Collected data:
(* Let $\alpha\ge1$. There is a constant $C$ (depending on $\alpha$) such that the following holds. Let $N\ge2$, $k\in\{1,\dots,N-1\}$ and let $x,y\in\Omega_N$ with $x\le y$ coordinatewise and with $x_{k+1}>x_{k-1}$, $y_{k+1}>y_{k-1}$. Let $I^x=[x_{k-1},x_{k+1}]$, $I^y=[y_{k-1},y_{k+1}]$, $\nabla x_k=x_{k+1}-x_{k-1}$, $\nabla y_k=y_{k+1}-y_{k-1}$, $\delta\bar X_k=\frac{(y_{k-1}+y_{k+1})-(x_{k-1}+x_{k+1})}{2}$, and $$q=\|\mathrm{Beta}_\alpha(I^x)-\mathrm{Beta}_\alpha(I^y)\|_{TV},\qquad Q=\min\left(\frac{\delta\bar X_k}{\max(\nabla x_k,\nabla y_k)},1\right).$$ Then $C^{-1}Q\le q\le CQ$. Furthermore, there exists a constant $c_1>0$ (depending only on $\alpha$) such that $q\ge1-c_1$ implies $\max(|I^x|,|I^y|)\ge2|I^x\cap I^y|$.
   Context: $\Omega_N=\{x\in\mathbb{R}^{N-1}:0\le x_1\le\dots\le x_{N-1}\le N\}$ with $x_0=0,x_N=N$. For an interval $I=[a,b]$ with $a<b$, $\mathrm{Beta}_\alpha(I)$ is the law with density $\frac{\Gamma(2\alpha)(u-a)^{\alpha-1}(b-u)^{\alpha-1}}{\Gamma(\alpha)^2(b-a)^{2\alpha-1}}\mathbf{1}_{[a,b]}(u)$. $|J|$ denotes the length of an interval $J$. *)

theory Defs
  imports "HOL-Probability.Probability"
begin

text \<open>Configuration space Omega_N: a point is a function x :: nat => real whose
  relevant coordinates are x 0 = 0, x 1, ..., x (N-1), x N = N (nondecreasing).\<close>
definition Omega :: "nat \<Rightarrow> (nat \<Rightarrow> real) \<Rightarrow> bool" where
  "Omega N x \<longleftrightarrow> x 0 = 0 \<and> x N = real N \<and> (\<forall>i<N. x i \<le> x (Suc i))"

definition beta_density :: "real \<Rightarrow> real \<Rightarrow> real \<Rightarrow> real \<Rightarrow> real" where
  "beta_density \<alpha> a b u =
     (if a \<le> u \<and> u \<le> b then
        Gamma (2*\<alpha>) * (u - a) powr (\<alpha> - 1) * (b - u) powr (\<alpha> - 1)
          / (Gamma \<alpha> ^ 2 * (b - a) powr (2*\<alpha> - 1))
      else 0)"

definition Beta_law :: "real \<Rightarrow> real \<Rightarrow> real \<Rightarrow> real measure" where
  "Beta_law \<alpha> a b = density lborel (\<lambda>u. ennreal (beta_density \<alpha> a b u))"

definition tv_dist :: "real measure \<Rightarrow> real measure \<Rightarrow> real" where
  "tv_dist \<mu> \<nu> = (SUP A \<in> sets borel. \<bar>measure \<mu> A - measure \<nu> A\<bar>)"

definition len :: "real set \<Rightarrow> real" where
  "len J = measure lborel J"

end

(* Both laws are affine images of one standard Beta law. Upper bound: with L the longer of the
   two lengths, ((b-c)/L)^(2 alpha - 1) times the Beta density of the overlap [c,b] lies below both
   densities, so the total variation is at most 1 - ((b-c)/L)^(2 alpha - 1), which is O(Q) by
   Bernoulli's inequality. Lower bound: both laws give the same mass to the half-line below their
   midpoints; at the midpoint of [c,d] the law on [a,b] has in addition the mass between the two
   midpoints, where (inside the middle half of [a,b]) its density is at least a constant over b - a.
   The overlap bound also gives the second claim, with c1 = 2^(1 - 2 alpha). *)

theory Submission
  imports Defs
begin
lemma sesq_smult_left:
  "a \<in> carrier_vec n \<Longrightarrow> c \<in> carrier_vec n \<Longrightarrow>
   conjugate (k \<cdot>\<^sub>v a) \<bullet> c = cnj k * (conjugate a \<bullet> (c :: complex vec))"
  by (simp add: conjugate_smult_vec[of k a, simplified] smult_scalar_prod_distrib[of _ n])

lemma sesq_add_right:
  "a \<in> carrier_vec n \<Longrightarrow> b \<in> carrier_vec n \<Longrightarrow> c \<in> carrier_vec n \<Longrightarrow>
   conjugate a \<bullet> (b + c) = conjugate a \<bullet> b + conjugate a \<bullet> (c :: complex vec)"
  by (simp add: scalar_prod_add_distrib[of _ n])

lemma sesq_minus_right:
  "a \<in> carrier_vec n \<Longrightarrow> b \<in> carrier_vec n \<Longrightarrow> c \<in> carrier_vec n \<Longrightarrow>
   conjugate a \<bullet> (b - c) = conjugate a \<bullet> b - conjugate a \<bullet> (c :: complex vec)"
  by (simp add: scalar_prod_minus_distrib[of _ n])

lemma sesq_smult_right:
  "a \<in> carrier_vec n \<Longrightarrow> c \<in> carrier_vec n \<Longrightarrow>
   conjugate a \<bullet> (k \<cdot>\<^sub>v c) = k * (conjugate a \<bullet> (c :: complex vec))"
  by (simp add: scalar_prod_smult_distrib[of _ n])

lemma Re_quadratic_form_plus_adjoint:
  fixes M :: "complex mat"
  assumes M: "M \<in> carrier_mat n n" and x: "x \<in> carrier_vec n"
  shows "Re (conjugate x \<bullet> ((M + mat_adjoint M) *\<^sub>v x)) = 2 * Re (conjugate x \<bullet> (M *\<^sub>v x))"
proof -
  have "conjugate x \<bullet> ((M + mat_adjoint M) *\<^sub>v x) = conjugate x \<bullet> (M *\<^sub>v x) + conjugate (M *\<^sub>v x) \<bullet> x"
    using M x mat_adjoint_carrier[OF M] conjugate_mult_mat_vec_scalar_prod[OF M x x]
    by (simp add: add_mult_distrib_mat_vec sesq_add_right[of _ n])
  then show ?thesis
    using conjugate_scalar_prod_commute[of "M *\<^sub>v x" n x] M x by simp
qed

Activity >>
Copy the lines above that hold the word "half".

Reply to the task >>
   Bernoulli's inequality. Lower bound: both laws give the same mass to the half-line below their
   midpoints, where (inside the middle half of [a,b]) its density is at least a constant over b - a.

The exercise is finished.